ZUSAMMENARBEIT ZWISCHEN
ORTSKIRCHE UND MISSIONEN

Entwurf von Herbert Leuninger als Mitglied im „Beirat zum Referat Ausländerseelsorge im Katholischen Auslandssekretariat Bonn“ als Konzept für Empfehlungen der Deutschen Bischofskonferenz (nicht umgesetzt)

1. Aufgabenstellung

1.1
Die Gemeinsame Synode hat beschlossen, daß die Bistümer „weitere nichtterritoriale Gemeinden errichten und sie modellhaft in verschiedenen Stufen erproben“ sollen.

„Sie sind eine wertvolle Ergänzung territorialer Strukturen und müssen ihnen zugeordnet sein“ (1). Im Beschluss „Die ausländischen Arbeitnehmer – eine Frage an die Kirche und Gesellschaft“ wurde darüber hinaus angeordnet, die „Strukturen der Ausländerseelsorge den jeweiligen konkreten Verhältnissen und den personellen Möglichkeiten anzupassen“ (2).

1.2
Nachdem die Phase der starken Neuzugänge von Katholiken anderer Muttersprache vorbei ist, geht es zukünftig vor allem darum, die für die Gläubigen errichteten Missionen (missiones cum cura animarum) zu differenzieren und sie stärker mit den vorhandenen Strukturen der Ortskirche zu verbinden.

1.3
Dabei gelten folgende Gesichtspunkte:

1.3.1
Die Kirche fasst Gläubige unterschiedlicher Herkunft, Sprache, Kultur und sozialer Stellung in einer einzigen Gemeinschaft zusammen. Nach dem II. Vatikanischen Konzil ist sie „Sakrament, d.h. Zeichen und Werkzeug für die innerste Vereinigung mit Gott wie für die Vereinigung der ganzen Menschheit unter sich“ (3).

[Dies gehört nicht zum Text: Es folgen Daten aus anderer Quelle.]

lemma continuous_on_entropy: "continuous_on {p. \<forall>j. 0 \<le> p j} (entropy m)"
proof -
  have "continuous_on {p. \<forall>j. 0 \<le> p j} (\<lambda>p::nat \<Rightarrow> real. p j * ln (p j))" for j
    by (rule continuous_on_compose2[OF continuous_on_x_ln_x continuous_on_coordinate]) auto
  then show ?thesis
    unfolding entropy_def by (intro continuous_on_minus continuous_on_sum)
qed

lemma x_ln_x_tangent_strict:
  fixes x s :: real
  assumes "0 \<le> x" "0 < s" "x \<noteq> s"
  shows "x - s < x * ln x - x * ln s"
proof (cases "x = 0")
  case False
  with assms have "0 < x" by simp
  with assms have "x * (ln s - ln x) < x * ((s - x) / x)"
    by (intro mult_strict_left_mono ln_diff_less) auto
  also have "\<dots> = s - x" using \<open>0 < x\<close> by simp
  finally show ?thesis by (simp add: algebra_simps)
qed (use assms in simp)

lemma x_ln_x_midpoint_strict:
  fixes a b :: real
  assumes "0 \<le> a" "0 \<le> b" "a \<noteq> b"
  shows "(a + b) / 2 * ln ((a + b) / 2) < (a * ln a + b * ln b) / 2"
proof -
  define s where "s = (a + b) / 2"
  have "0 < s" "a \<noteq> s" "b \<noteq> s" using assms by (auto simp: s_def)
  then have "a - s < a * ln a - a * ln s" "b - s < b * ln b - b * ln s"
    using assms x_ln_x_tangent_strict by auto
  moreover have "a * ln s + b * ln s = 2 * (s * ln s)" "a + b = 2 * s"
    by (simp_all add: s_def algebra_simps)
  ultimately show ?thesis
    unfolding s_def[symmetric] by argo
qed

lemma x_ln_x_midpoint_le:
  fixes a b :: real
  assumes "0 \<le> a" "0 \<le> b"
  shows "(a + b) / 2 * ln ((a + b) / 2) \<le> (a * ln a + b * ln b) / 2"
proof (cases "a = b")
  case False
  show ?thesis by (rule less_imp_le[OF x_ln_x_midpoint_strict[OF assms False]])
qed (simp add: mult_2[symmetric])

lemma entropy_midpoint_strict:
  assumes p: "prob_vec m p" and q: "prob_vec m q" and "p \<noteq> q"
  shows "(entropy m p + entropy m q) / 2 < entropy m (\<lambda>s. (p s + q s) / 2)"
proof -
  obtain j where j: "p j \<noteq> q j" using \<open>p \<noteq> q\<close> by blast
  then have "j < m" using p q by (metis prob_vec_def not_less)
  have "(\<Sum>j<m. (p j + q j) / 2 * ln ((p j + q j) / 2)) < (\<Sum>j<m. (p j * ln (p j) + q j * ln (q j)) / 2)"
  proof (rule sum_strict_mono_ex1)
    show "\<forall>i\<in>{..<m}. (p i + q i) / 2 * ln ((p i + q i) / 2) \<le> (p i * ln (p i) + q i * ln (q i)) / 2"
      using x_ln_x_midpoint_le prob_vec_nonneg[OF p] prob_vec_nonneg[OF q] by blast
    show "\<exists>i\<in>{..<m}. (p i + q i) / 2 * ln ((p i + q i) / 2) < (p i * ln (p i) + q i * ln (q i)) / 2"
      using x_ln_x_midpoint_strict[OF prob_vec_nonneg[OF p] prob_vec_nonneg[OF q] j] \<open>j < m\<close> by blast
  qed simp
  moreover have "(\<Sum>j<m. (p j * ln (p j) + q j * ln (q j)) / 2) = - (entropy m p + entropy m q) / 2"
    by (simp add: entropy_def sum_divide_distrib[symmetric] sum.distrib)
  ultimately show ?thesis
    by (simp only: entropy_def)
qed

lemma ex1_max_entropy:
  assumes compact: "compact {p. P p}" and "\<exists>p. P p"
    and prob: "\<And>p. P p \<Longrightarrow> prob_vec m p"
    and midpoint: "\<And>p q. P p \<Longrightarrow> P q \<Longrightarrow> P (\<lambda>s. (p s + q s) / 2)"
  shows "\<exists>!p. P p \<and> (\<forall>q. P q \<longrightarrow> entropy m q \<le> entropy m p)"
proof -
  have "continuous_on {p. P p} (entropy m)"
    by (rule continuous_on_subset[OF continuous_on_entropy]) (use prob prob_vec_nonneg in blast)
  moreover have "{p. P p} \<noteq> {}" using \<open>\<exists>p. P p\<close> by blast
  ultimately obtain p where "p \<in> {p. P p}" "\<forall>q\<in>{p. P p}. entropy m q \<le> entropy m p"
    using continuous_attains_sup[OF compact] by blast
  then have p: "P p" and p_max: "\<And>q. P q \<Longrightarrow> entropy m q \<le> entropy m p" by auto
  have unique: "q = p" if q: "P q" and q_max: "\<forall>r. P r \<longrightarrow> entropy m r \<le> entropy m q" for q
  proof (rule ccontr)
    assume "q \<noteq> p"
    then have "(entropy m q + entropy m p) / 2 < entropy m (\<lambda>s. (q s + p s) / 2)"
      by (rule entropy_midpoint_strict[OF prob[OF q] prob[OF p]])
    moreover have "entropy m q = entropy m p"
      using q_max p p_max[OF q] by (simp add: order_antisym)
    moreover have "entropy m (\<lambda>s. (q s + p s) / 2) \<le> entropy m p"
      by (rule p_max[OF midpoint[OF q p]])
    ultimately show False by simp
  qed
  show ?thesis
  proof (rule ex1I[of _ p])
    show "P p \<and> (\<forall>q. P q \<longrightarrow> entropy m q \<le> entropy m p)" using p p_max by blast
  qed (use unique in blast)
qed

lemma compact_sym_nash_skew:
  assumes skew: "skew_symmetric M m"
  shows "compact {p. sym_nash M m X p}"
proof -
  have "{p. sym_nash M m X p} = simplex_on m X \<inter> (\<Inter>j\<in>X \<inter> {..<m}. {p. col_payoff M m p j \<le> 0})"
    by (auto simp: sym_nash_skew_iff[OF skew])
  also have "compact \<dots>"
    by (intro compact_Int_closed compact_simplex_on closed_INT ballI closed_Collect_le
        continuous_on_col_payoff continuous_on_const)
  finally show ?thesis .
qed

lemma sym_nash_mix_skew:
  assumes skew: "skew_symmetric M m" and "sym_nash M m X p" "sym_nash M m X q" "0 \<le> a" "a \<le> 1"
  shows "sym_nash M m X (\<lambda>s. (1 - a) * p s + a * q s)"
proof -
  have "p \<in> simplex_on m X" "q \<in> simplex_on m X"
    and "\<forall>j<m. j \<in> X \<longrightarrow> col_payoff M m p j \<le> 0 \<and> col_payoff M m q j \<le> 0"
    using assms(2,3) by (simp_all add: sym_nash_skew_iff[OF skew])
  with assms(4,5) show ?thesis
    by (auto simp: sym_nash_skew_iff[OF skew] col_payoff_mix simplex_on_mix
        intro!: add_nonpos_nonpos mult_nonneg_nonpos)
qed

lemma sym_nash_nash_me:
  assumes skew: "skew_symmetric M m" and "X \<subseteq> {..<m}" "X \<noteq> {}"
  shows "sym_nash M m X (nash_me M m X)"
proof -
  have "\<exists>!p. sym_nash M m X p \<and> (\<forall>q. sym_nash M m X q \<longrightarrow> entropy m q \<le> entropy m p)"
  proof (rule ex1_max_entropy)
    show "compact {p. sym_nash M m X p}" by (rule compact_sym_nash_skew[OF skew])
    show "\<exists>p. sym_nash M m X p"
      using skew_sym_nash_exists[OF skew assms(2,3)] by (auto simp: sym_nash_skew_iff[OF skew])
    show "prob_vec m p" if "sym_nash M m X p" for p
      using that by (simp add: sym_nash_def)
    show "sym_nash M m X (\<lambda>s. (p s + q s) / 2)" if "sym_nash M m X p" "sym_nash M m X q" for p q
      using sym_nash_mix_skew[OF skew that, of "1/2"] by (simp add: add_divide_distrib)
  qed
  then show ?thesis
    unfolding nash_me_def by (rule theI'[THEN conjunct1])
qed

lemma sym_nash_bil_nonneg:
  assumes skew: "skew_symmetric M m" and "sym_nash M m X p" "q \<in> simplex_on m X"
  shows "0 \<le> bil M m p q"
  using assms bil_self_skew[OF skew, of p] by (simp add: sym_nash_def simplex_on_def)

lemma supp_subset: "supported_in p X \<Longrightarrow> supp m p \<subseteq> X"
  by (auto simp: supported_in_def supp_def)

lemma supp_nonempty:
  assumes "prob_vec m p"
  shows "supp m p \<noteq> {}"
proof
  assume "supp m p = {}"
  then have "p s = 0" if "s < m" for s
    using that prob_vec_nonneg[OF assms, of s] by (force simp: supp_def)
  then have "(\<Sum>s<m. p s) = 0" by simp
  with assms show False by (simp add: prob_vec_def)
qed

lemma nc_rem_subset: "nc_rem M m i \<subseteq> {..<m}"
  by (induction i) auto

lemma nc_rem_antimono: "i \<le> j \<Longrightarrow> nc_rem M m j \<subseteq> nc_rem M m i"
  by (rule lift_Suc_antimono_le[where f = "nc_rem M m"]) auto

lemma nc_rem_Suc_psubset:
  assumes skew: "skew_symmetric M m" and "nc_rem M m i \<noteq> {}"
  shows "nc_rem M m (Suc i) \<subset> nc_rem M m i"
proof -
  have "sym_nash M m (nc_rem M m i) (nash_me M m (nc_rem M m i))"
    using sym_nash_nash_me[OF skew nc_rem_subset assms(2)] .
  then have "supp m (nash_me M m (nc_rem M m i)) \<subseteq> nc_rem M m i"
    and "supp m (nash_me M m (nc_rem M m i)) \<noteq> {}"
    by (simp_all add: sym_nash_def supp_subset supp_nonempty)
  then show ?thesis by auto
qed

lemma card_nc_rem_le:
  assumes skew: "skew_symmetric M m"
  shows "card (nc_rem M m i) \<le> m - i"
proof (induction i)
  case (Suc i)
  show ?case
  proof (cases "nc_rem M m i = {}")
    case False
    have "card (nc_rem M m (Suc i)) < card (nc_rem M m i)"
      using nc_rem_Suc_psubset[OF skew False] finite_subset[OF nc_rem_subset finite_lessThan]
      by (rule psubset_card_mono[rotated])
    with Suc.IH show ?thesis by simp
  qed simp
qed simp

lemma nc_rem_nc_num:
  assumes skew: "skew_symmetric M m"
  shows "nc_rem M m (nc_num M m) = {}" and "k < nc_num M m \<Longrightarrow> nc_rem M m k \<noteq> {}"
proof -
  have "nc_rem M m m = {}"
    using card_nc_rem_le[OF skew, of m] finite_subset[OF nc_rem_subset finite_lessThan] by simp
  then show "nc_rem M m (nc_num M m) = {}"
    unfolding nc_num_def by (rule LeastI)
  show "k < nc_num M m \<Longrightarrow> nc_rem M m k \<noteq> {}"
    unfolding nc_num_def by (rule not_less_Least)
qed

lemma Union_nc_cluster:
  assumes skew: "skew_symmetric M m" and "k \<le> nc_num M m"
  shows "(\<Union>r\<in>{k..<nc_num M m}. nc_cluster M m r) = nc_rem M m k"
  using assms(2)
proof (induction k rule: inc_induct)
  case base
  then show ?case using nc_rem_nc_num(1)[OF skew] by simp
next
  case (step k)
  have "{k..<nc_num M m} = insert k {Suc k..<nc_num M m}"
    using step(2) by auto
  then have "(\<Union>r\<in>{k..<nc_num M m}. nc_cluster M m r) = nc_cluster M m k \<union> nc_rem M m (Suc k)"
    using step.IH by simp
  also have "\<dots> = nc_rem M m k"
    using sym_nash_nash_me[OF skew nc_rem_subset nc_rem_nc_num(2)[OF skew step(2)]]
    by (auto simp: nc_cluster_def sym_nash_def dest: supp_subset)
  finally show ?case .
qed

lemma sym_nash_nc_p:
  assumes skew: "skew_symmetric M m" and "k < nc_num M m"
  shows "sym_nash M m (nc_rem M m k) (nc_p M m k)"
  unfolding nc_p_def Union_nc_cluster[OF skew less_imp_le[OF assms(2)]]
  by (rule sym_nash_nash_me[OF skew nc_rem_subset nc_rem_nc_num(2)[OF skew assms(2)]])

lemma nc_p_in_simplex_on_nc_rem:
  assumes skew: "skew_symmetric M m" and "i \<le> k" "k < nc_num M m"
  shows "nc_p M m k \<in> simplex_on m (nc_rem M m i)"
proof -
  have "nc_p M m k \<in> simplex_on m (nc_rem M m k)"
    using sym_nash_nc_p[OF skew assms(3)] by (simp add: sym_nash_def simplex_on_def)
  then show ?thesis
    using simplex_on_mono[OF nc_rem_antimono[OF assms(2)]] by blast
qed

lemma NPP_nonneg:
  assumes skew: "skew_symmetric M m" and "i \<le> j" "j < nc_num M m"
  shows "0 \<le> NPP M m i j"
  unfolding NPP_def using assms
  by (intro sym_nash_bil_nonneg[OF skew sym_nash_nc_p[OF skew] nc_p_in_simplex_on_nc_rem[OF skew]])
    simp_all

theorem theorem2:
  fixes M :: "nat \<Rightarrow> nat \<Rightarrow> real" and m :: nat
  assumes "0 < m"
    and skew: "\<forall>i<m. \<forall>j<m. M j i = - M i j"
  shows "\<forall>i<nc_num M m. \<forall>j<nc_num M m.
           (i \<le> j \<longrightarrow> NPP M m i j \<ge> 0) \<and> (j < i \<longrightarrow> NPP M m i j \<le> 0)"
proof (intro allI impI conjI)
  have skew_M: "skew_symmetric M m"
    unfolding skew_symmetric_def by (rule skew)
  fix i j assume i: "i < nc_num M m" and j: "j < nc_num M m"
  show "i \<le> j \<Longrightarrow> 0 \<le> NPP M m i j"
    using NPP_nonneg[OF skew_M _ j] by blast
  assume "j < i"
  then have "0 \<le> NPP M m j i"
    using NPP_nonneg[OF skew_M _ i] by simp
  then show "NPP M m i j \<le> 0"
    using bil_skew[OF skew_M, of "nc_p M m i" "nc_p M m j"] by (simp add: NPP_def)
qed

end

Im Blick auf die ausländischen Arbeitnehmer und ihre Familien stellt daher die Gemeinsame Synode fest: „In der innerkirchlichen Solidarität setzt die Kirche das Zeichen für die Einheit der ganzen Menschheit“ (4).

1.3.2
Die Verantwortung der Ortsgemeinde für alle auf ihrem Gebiet wohnenden Gläubigen wird durch die vorhandenen Missionen nicht gemindert, sondern ergänzt. (5)

1.3.3
Die Gemeinsame Synode gewährleistet auf dem Hintergrund der diesbezüglichen römischen Richtlinien den Gläubigen einer anderen Muttersprache eine „religiös-kirchliche Eigenständigkeit“ (5a). Unter dem in der Gesellschaft üblichen Begriff „Integration“, der auch auf die Kirche angewendet werden kann, wird „nicht eine Absorption der Minderheit und Verzicht auf deren eigene kulturelle Substanz verstanden, sondern ein gegenseitiger Kommunikationsprozess, der für beide Seiten in ein Geben und Nehmen und eine beiderseitige Bereicherung bedeutet“ (6).

1.3.4
Die Kirche in der Bundesrepublik hat sich verpflichtet, für das harmonische und partnerschaftliche Zusammenleben verschiedener Nationalitäten in einem Land einen besonderen Beitrag zu leisten und zwar „auf lokaler und staatlicher Ebene, im Leben der Gemeinden ebenso wie in der Führung der Kirche“ (7). Sie sieht es daher als ihre Aufgabe an, „im eigenen Bereich Modelle der Kooperation, Partnerschaft und Eingliederung zu entwickeln und den Ausländern zu ihrem Recht zu verhelfen“ (8).

1.3.5
In diesen Modellen ist der Tatsache Rechnung zu tragen, daß die innereuropäische Freizügigkeit eine ständige Fluktuation von Gläubigen unterschiedlicher Muttersprache mit sich bringt, aber vor allem auch zu einem Daueraufenthalt eines großen Teils gerade der zweiten und dritten Einwanderergeneration führt (9).

1.3.6.
Wegen dieser Formen der Zu- und Abwanderung hat es die Kirche in der Bundesrepublik mit Menschen unterschiedlicher pastoraler und gesellschaftlicher Bedürfnisse zu tun. So mit Gläubigen,

  • die nur befristet in der Bundesrepublik bleiben, oder
  • die für längere Zeit, bzw. auf Dauer in der Bundesrepublik leben.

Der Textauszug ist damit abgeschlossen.